## Task to complete
Every line from the one containing "x)\<^sup>2) \<le> 2" to the one containing "lborel (\<lambda>x. (f" in the records below, both included, must be set down exactly, and no other line.

-------- The records

(* Let $\mathcal{I}=(\mathcal{P},\mathcal{L})$ be a cyclic symmetric $(v,k)$-configuration with cyclic permutation $\sigma$. Fix a point $P_0$ and a block $\ell_0$, and put $P_i=\sigma^i(P_0)$, $\ell_i=\sigma^i(\ell_0)$ (indices modulo $v$). Let $d$ be a positive divisor of $v$, $t=v/d$, $O_i=\{P_u:u\equiv i\pmod t\}$, $L_i=\{\ell_u:u\equiv i\pmod t\}$ for $i=0,\dots,t-1$, and $w_u=|\ell_0\cap O_u|$. Let $V$ be the $v\times v$ incidence matrix of $\mathcal{I}$ whose rows are ordered as $\ell_0,\ell_t,\dots,\ell_{(d-1)t},\ell_1,\ell_{1+t},\dots,\ell_{t-1+(d-1)t}$ (i.e. $L_0$, then $L_1$, etc., each listed as $\ell_i,\ell_{i+t},\dots,\ell_{i+(d-1)t}$) and whose columns are ordered analogously as $P_0,P_t,\dots$ ($O_0$, then $O_1$, etc.). Then $V$ (which contains no $2\times2$ all-ones submatrix) is $d$-block circulant: writing $V=(C_{i,j})_{0\le i,j\le t-1}$ as a $t\times t$ block matrix of $d\times d$ blocks, each $C_{i,j}$ is a binary circulant $d\times d$ matrix with no $2\times 2$ all-ones submatrix and of weight $w_{j-i \bmod t}$. In particular the weight matrix $W(V)$ is the circulant $t\times t$ matrix whose $(i,j)$ entry is $w_{j-i\bmod t}$ (first row $w_0,w_1,\dots,w_{t-1}$, each subsequent row the cyclic right shift of the previous one).
   Context: A symmetric $(v,k)$-configuration is a pair $(\mathcal{P},\mathcal{L})$ with $|\mathcal{P}|=|\mathcal{L}|=v$, blocks being subsets of $\mathcal{P}$, each block containing $k$ points, each point in $k$ blocks, any two points in at most one common block; it is cyclic if there is a permutation $\sigma$ of $\mathcal{P}$ mapping blocks to blocks with $\langle\sigma\rangle$ acting regularly on points and on blocks. The incidence matrix has rows indexed by blocks, columns by points, entry $1$ iff the point lies on the block. A square matrix is circulant if each row is obtained from the previous one by a cyclic shift one position to the right; its weight is the number of ones in each row. An $i\times j$ binary matrix is $d$-block circulant if it is partitioned into $d\times d$ blocks each of which is circulant; its weight matrix is the $(i/d)\times(j/d)$ matrix whose entries are the weights of these blocks. *)

theory Defs
  imports Main
begin

definition sym_config :: "'a set \<Rightarrow> 'a set set \<Rightarrow> nat \<Rightarrow> nat \<Rightarrow> bool" where
  "sym_config P L v k \<longleftrightarrow>
     finite P \<and> card P = v \<and> card L = v \<and>
     (\<forall>l\<in>L. l \<subseteq> P \<and> card l = k) \<and>
     (\<forall>x\<in>P. card {l\<in>L. x \<in> l} = k) \<and>
     (\<forall>x\<in>P. \<forall>y\<in>P. x \<noteq> y \<longrightarrow> card {l\<in>L. x \<in> l \<and> y \<in> l} \<le> 1)"

definition regular_cyclic_action :: "('b \<Rightarrow> 'b) \<Rightarrow> 'b set \<Rightarrow> bool" where
  "regular_cyclic_action act X \<longleftrightarrow>
     (\<forall>x\<in>X. \<forall>y\<in>X. \<exists>n. (act ^^ n) x = y) \<and>
     (\<forall>x\<in>X. \<forall>n. (act ^^ n) x = x \<longrightarrow> (\<forall>z\<in>X. (act ^^ n) z = z))"

definition cyclic_sym_config ::
  "'a set \<Rightarrow> 'a set set \<Rightarrow> nat \<Rightarrow> nat \<Rightarrow> ('a \<Rightarrow> 'a) \<Rightarrow> bool" where
  "cyclic_sym_config P L v k \<sigma> \<longleftrightarrow>
     sym_config P L v k \<and> bij_betw \<sigma> P P \<and> (\<forall>l\<in>L. \<sigma> ` l \<in> L) \<and>
     regular_cyclic_action \<sigma> P \<and> regular_cyclic_action (image \<sigma>) L"

definition circulant :: "nat \<Rightarrow> (nat \<Rightarrow> nat \<Rightarrow> nat) \<Rightarrow> bool" where
  "circulant d C \<longleftrightarrow> (\<forall>a b. Suc a < d \<and> b < d \<longrightarrow> C (Suc a) ((b + 1) mod d) = C a b)"
lemma sq_dist_translate_le:
  assumes [measurable]: "f \<in> borel_measurable borel"
  shows "sq_dist_translate f h \<le> 4 * (\<integral>\<^sup>+x. ennreal ((f x)\<^sup>2) \<partial>lborel)"
proof -
  have "sq_dist_translate f h \<le> (\<integral>\<^sup>+x. 2 * ennreal ((f (x - h))\<^sup>2) + 2 * ennreal ((f x)\<^sup>2) \<partial>lborel)"
    unfolding sq_dist_translate_def
  proof (intro nn_integral_mono)
    fix x
    have "(f (x - h) - f x)\<^sup>2 \<le> 2 * (f (x - h))\<^sup>2 + 2 * (f x)\<^sup>2"
      using zero_le_power2[of "f (x - h) + f x"] by (simp add: power2_eq_square algebra_simps)
    then have "ennreal ((f (x - h) - f x)\<^sup>2) \<le> ennreal (2 * (f (x - h))\<^sup>2 + 2 * (f x)\<^sup>2)"
      by (rule ennreal_leI)
    then show "ennreal ((f (x - h) - f x)\<^sup>2) \<le> 2 * ennreal ((f (x - h))\<^sup>2) + 2 * ennreal ((f x)\<^sup>2)"
      by (simp add: ennreal_mult)
  qed
  also have "\<dots> = 2 * (\<integral>\<^sup>+x. ennreal ((f (x - h))\<^sup>2) \<partial>lborel) + 2 * (\<integral>\<^sup>+x. ennreal ((f x)\<^sup>2) \<partial>lborel)"
    by (simp add: nn_integral_add nn_integral_cmult)
  also have "(\<integral>\<^sup>+x. ennreal ((f (x - h))\<^sup>2) \<partial>lborel) = (\<integral>\<^sup>+x. ennreal ((f x)\<^sup>2) \<partial>lborel)"
    by (rule nn_integral_lborel_translate[where f = "\<lambda>x. ennreal ((f x)\<^sup>2)"]) measurable
  finally show ?thesis
    by (simp add: distrib_right[symmetric])
qed

lemma sq_dist_translate_tendsto_0:
  fixes f :: "'a::euclidean_space \<Rightarrow> real"
  assumes [measurable]: "f \<in> borel_measurable borel"
    and nonneg: "\<And>x. 0 \<le> f x" and sq_int: "integrable lborel (\<lambda>x. (f x)\<^sup>2)"
    and cont: "AE x in lborel. isCont f x" and h: "h \<longlonglongrightarrow> 0"
  shows "(\<lambda>n. sq_dist_translate f (h n)) \<longlonglongrightarrow> 0"
proof -
  have "AE x in lborel. (\<lambda>n. (f (x - h n))\<^sup>2) \<longlonglongrightarrow> (f x)\<^sup>2"
    using cont
  proof eventually_elim
    case (elim x)
    have "(\<lambda>n. x - h n) \<longlonglongrightarrow> x"
      using tendsto_diff[OF tendsto_const h] by simp
    then show ?case
      by (intro tendsto_intros isCont_tendsto_compose[OF elim])
  qed
  \<comment> \<open>Scheffe: the translated squares converge a.e. and have the same integral,
    hence converge in L1.\<close>
  moreover have "(\<integral>\<^sup>+x. ennreal (norm ((f (x - h n))\<^sup>2)) \<partial>lborel) = (\<integral>\<^sup>+x. ennreal (norm ((f x)\<^sup>2)) \<partial>lborel)" for n
    by (rule nn_integral_lborel_translate[where f = "\<lambda>x. ennreal (norm ((f x)\<^sup>2))"]) measurable
  ultimately have Scheffe: "(\<lambda>n. \<integral>\<^sup>+x. norm ((f (x - h n))\<^sup>2 - (f x)\<^sup>2) \<partial>lborel) \<longlonglongrightarrow> 0"
    by (intro Scheffe_lemma2[OF _ sq_int]) auto
  have "sq_dist_translate f (h n) \<le> (\<integral>\<^sup>+x. norm ((f (x - h n))\<^sup>2 - (f x)\<^sup>2) \<partial>lborel)" for n
    unfolding sq_dist_translate_def
    by (intro nn_integral_mono ennreal_leI) (simp add: sq_diff_le_abs_diff_sq nonneg)
  then show ?thesis
    by (intro tendsto_sandwich[OF _ _ tendsto_const Scheffe]) auto
qed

----------------

## Response to this exercise
    then show "ennreal ((f (x - h) - f x)\<^sup>2) \<le> 2 * ennreal ((f (x - h))\<^sup>2) + 2 * ennreal ((f x)\<^sup>2)"
      by (simp add: ennreal_mult)
  qed
  also have "\<dots> = 2 * (\<integral>\<^sup>+x. ennreal ((f (x - h))\<^sup>2) \<partial>lborel) + 2 * (\<integral>\<^sup>+x. ennreal ((f x)\<^sup>2) \<partial>lborel)"
    by (simp add: nn_integral_add nn_integral_cmult)
  also have "(\<integral>\<^sup>+x. ennreal ((f (x - h))\<^sup>2) \<partial>lborel) = (\<integral>\<^sup>+x. ennreal ((f x)\<^sup>2) \<partial>lborel)"
    by (rule nn_integral_lborel_translate[where f = "\<lambda>x. ennreal ((f x)\<^sup>2)"]) measurable
  finally show ?thesis
    by (simp add: distrib_right[symmetric])
qed

lemma sq_dist_translate_tendsto_0:
  fixes f :: "'a::euclidean_space \<Rightarrow> real"
  assumes [measurable]: "f \<in> borel_measurable borel"
    and nonneg: "\<And>x. 0 \<le> f x" and sq_int: "integrable lborel (\<lambda>x. (f x)\<^sup>2)"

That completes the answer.